# Self-hosted Kafka

You can run Kafka in the same Kubernetes cluster that hosts the Seldon Core 2. Seldon recommends using the [Strimzi operator](https://strimzi.io/docs/operators/latest/deploying) for Kafka installation and maintenance. For more details about configuring Kafka with Seldon Core 2 see the [Configuration](https://github.com/SeldonIO/seldon-core/blob/v2/docs-gb/getting-started/configuration.md) section.

{% hint style="info" %}
**Note**: These instructions help you quickly set up a Kafka cluster. For production grade installation consult [Strimzi documentation](https://strimzi.io/documentation/) or use one of [managed solutions](/seldon-core-2/installation/production-environment/kafka.md).
{% endhint %}

Integrating self-hosted Kafka with Seldon Core 2 includes these steps:

1. [Install Kafka](#installing-kafka-in-a-kubernetes-cluster)
2. [Configure Seldon Core 2](#configuring-seldon-core-2)

## Installing Kafka in a Kubernetes cluster

Strimzi provides a Kubernetes Operator to deploy and manage Kafka clusters. First, we need to install the Strimzi Operator in your Kubernetes cluster.

1. Create a namespace where you want to install Kafka. For example the namespace `seldon-mesh`:

   ```
   kubectl create namespace seldon-mesh || echo "namespace seldon-mesh exists"
   ```
2. Install Strimzi.

   ```
   helm repo add strimzi https://strimzi.io/charts/
   helm repo update
   ```
3. Install Strimzi Operator.

   ```
   helm install strimzi-kafka-operator strimzi/strimzi-kafka-operator --namespace seldon-mesh
   ```

   This deploys the `Strimzi Operator` in the `seldon-mesh` namespace. After the Strimzi Operator is running, you can create a Kafka cluster by applying a Kafka custom resource definition.
4. Create a YAML file to specify the initial configuration.

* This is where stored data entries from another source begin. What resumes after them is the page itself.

lemma convex_on_exp_cost: "convex_on Fc fexp"
  unfolding exp_cost_def
proof (rule convex_on_integral[OF convex_feasible_set integrable_cost])
  show "AE e in Deps. convex_on Fc (\<lambda>c. cost K cM r p e c)"
    using Deps_box
  proof eventually_elim
    case (elim e)
    show ?case
      by (rule convex_on_if_subgradient[OF convex_feasible_set]) (rule cost_subgradient_Fc[OF elim])
  qed
qed

lemma borel_measurable_exp_cost[measurable]: "fexp \<in> borel_measurable borel"
proof -
  have "(\<lambda>(c, e). cost K cM r p e c) \<in> borel_measurable (borel \<Otimes>\<^sub>M Deps)"
    by (simp add: split_beta')
  then show ?thesis
    unfolding exp_cost_def by (rule Deps.borel_measurable_lebesgue_integral)
qed

abbreviation "samples I \<equiv> PiM I (\<lambda>_. Deps)"

lemma prob_space_samples: "prob_space (samples I)"
  by (rule prob_space_PiM) (rule prob)

lemma borel_measurable_sample: "i \<in> I \<Longrightarrow> (\<lambda>w. w i) \<in> borel_measurable (samples I)"
  using measurable_compose[OF measurable_component_singleton[of i I "\<lambda>_. Deps"] borel_measurable_id_Deps]
  by simp

lemma AE_samples_in_box: "finite I \<Longrightarrow> AE w in samples I. \<forall>i\<in>I. w i \<in> cbox 0 1"
  using AE_PiM_component[of I "\<lambda>_. Deps", OF prob _ Deps_box] by (simp add: AE_finite_allI)

lemma integrable_exp_cost_comp:
  assumes "finite_measure M" "Y \<in> borel_measurable M" "\<And>w. Y w \<in> Fc"
  shows "integrable M (\<lambda>w. fexp (Y w))"
  using assms abs_exp_cost_le
  by (intro finite_measure.integrable_const_bound[where B="2 * rmax * CM"]) auto

lemma
  assumes I: "finite I" "i \<in> I"
    and Y: "Y \<in> borel_measurable (samples I)" "\<And>w. Y w \<in> Fc"
    and fresh: "\<And>w y. Y (w(i := y)) = Y w"
  shows integrable_cost_fresh_sample: "integrable (samples I) (\<lambda>w. cost K cM r p (w i) (Y w))"
    and integral_cost_fresh_sample:
      "(\<integral>w. cost K cM r p (w i) (Y w) \<partial>samples I) = (\<integral>w. fexp (Y w) \<partial>samples I)"
proof -
  interpret samples: prob_space "samples I"
    by (rule prob_space_samples)
  show int: "integrable (samples I) (\<lambda>w. cost K cM r p (w i) (Y w))"
    using AE_samples_in_box[OF I(1)] I(2) Y abs_cost_le borel_measurable_sample[OF I(2)]
    by (intro samples.integrable_const_bound[where B="2 * rmax * CM"]) (auto elim: eventually_mono)
  show "(\<integral>w. cost K cM r p (w i) (Y w) \<partial>samples I) = (\<integral>w. fexp (Y w) \<partial>samples I)"
    unfolding exp_cost_def
    by (rule integral_PiM_fresh_coordinate[OF prob I fresh int])
      (use integrable_exp_cost_comp[OF samples.finite_measure_axioms Y] in \<open>simp add: exp_cost_def\<close>)
qed

abbreviation "iter c1 w n \<equiv> sgd_iter K cM r p Ms c1 w n"

definition step_const :: real where
  "step_const = (if CARD('n) = 1 then CM else sqrt 2 * CM) / (sqrt (real CARD('n)) * rmax)"

definition grad_bound :: real where
  "grad_bound = real CARD('n) * rmax"

definition rate_const :: real where
  "rate_const = (2 * CM)\<^sup>2 / (2 * step_const) + step_const * grad_bound\<^sup>2"

lemma step_size_eq: "step_size K r p CM j = step_const / sqrt j"
  by (simp add: step_size_def step_const_def Let_def)

lemma step_const_nonneg: "0 \<le> step_const"
  using CM_pos r_bounds[of K] K_pos by (simp add: step_const_def)

lemma grad_bound_eq_0_if_step_const_eq_0: "step_const = 0 \<Longrightarrow> grad_bound = 0"
  using CM_pos by (auto simp: step_const_def grad_bound_def split: if_splits)

lemma sgd_iter_Suc_eq:
  "iter c1 w (Suc n)
    = closest_point Fc (iter c1 w n - (step_const / sqrt (Suc n)) *\<^sub>R stoch_grad K cM r p Ms w (Suc n) (iter c1 w n))"
  unfolding sgd_iter.simps Let_def CM_def[symmetric] step_size_eq ..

   **Note**: This configuration sets up a Kafka cluster with version 3.9.0. Ensure that you review the the [supported versions](https://strimzi.io/downloads/) of Kafka and update the version in the `kafka.yaml` file as needed. For more configuration examples, see this [strimzi-kafka-operator](https://github.com/strimzi/strimzi-kafka-operator/tree/main/examples/kafka).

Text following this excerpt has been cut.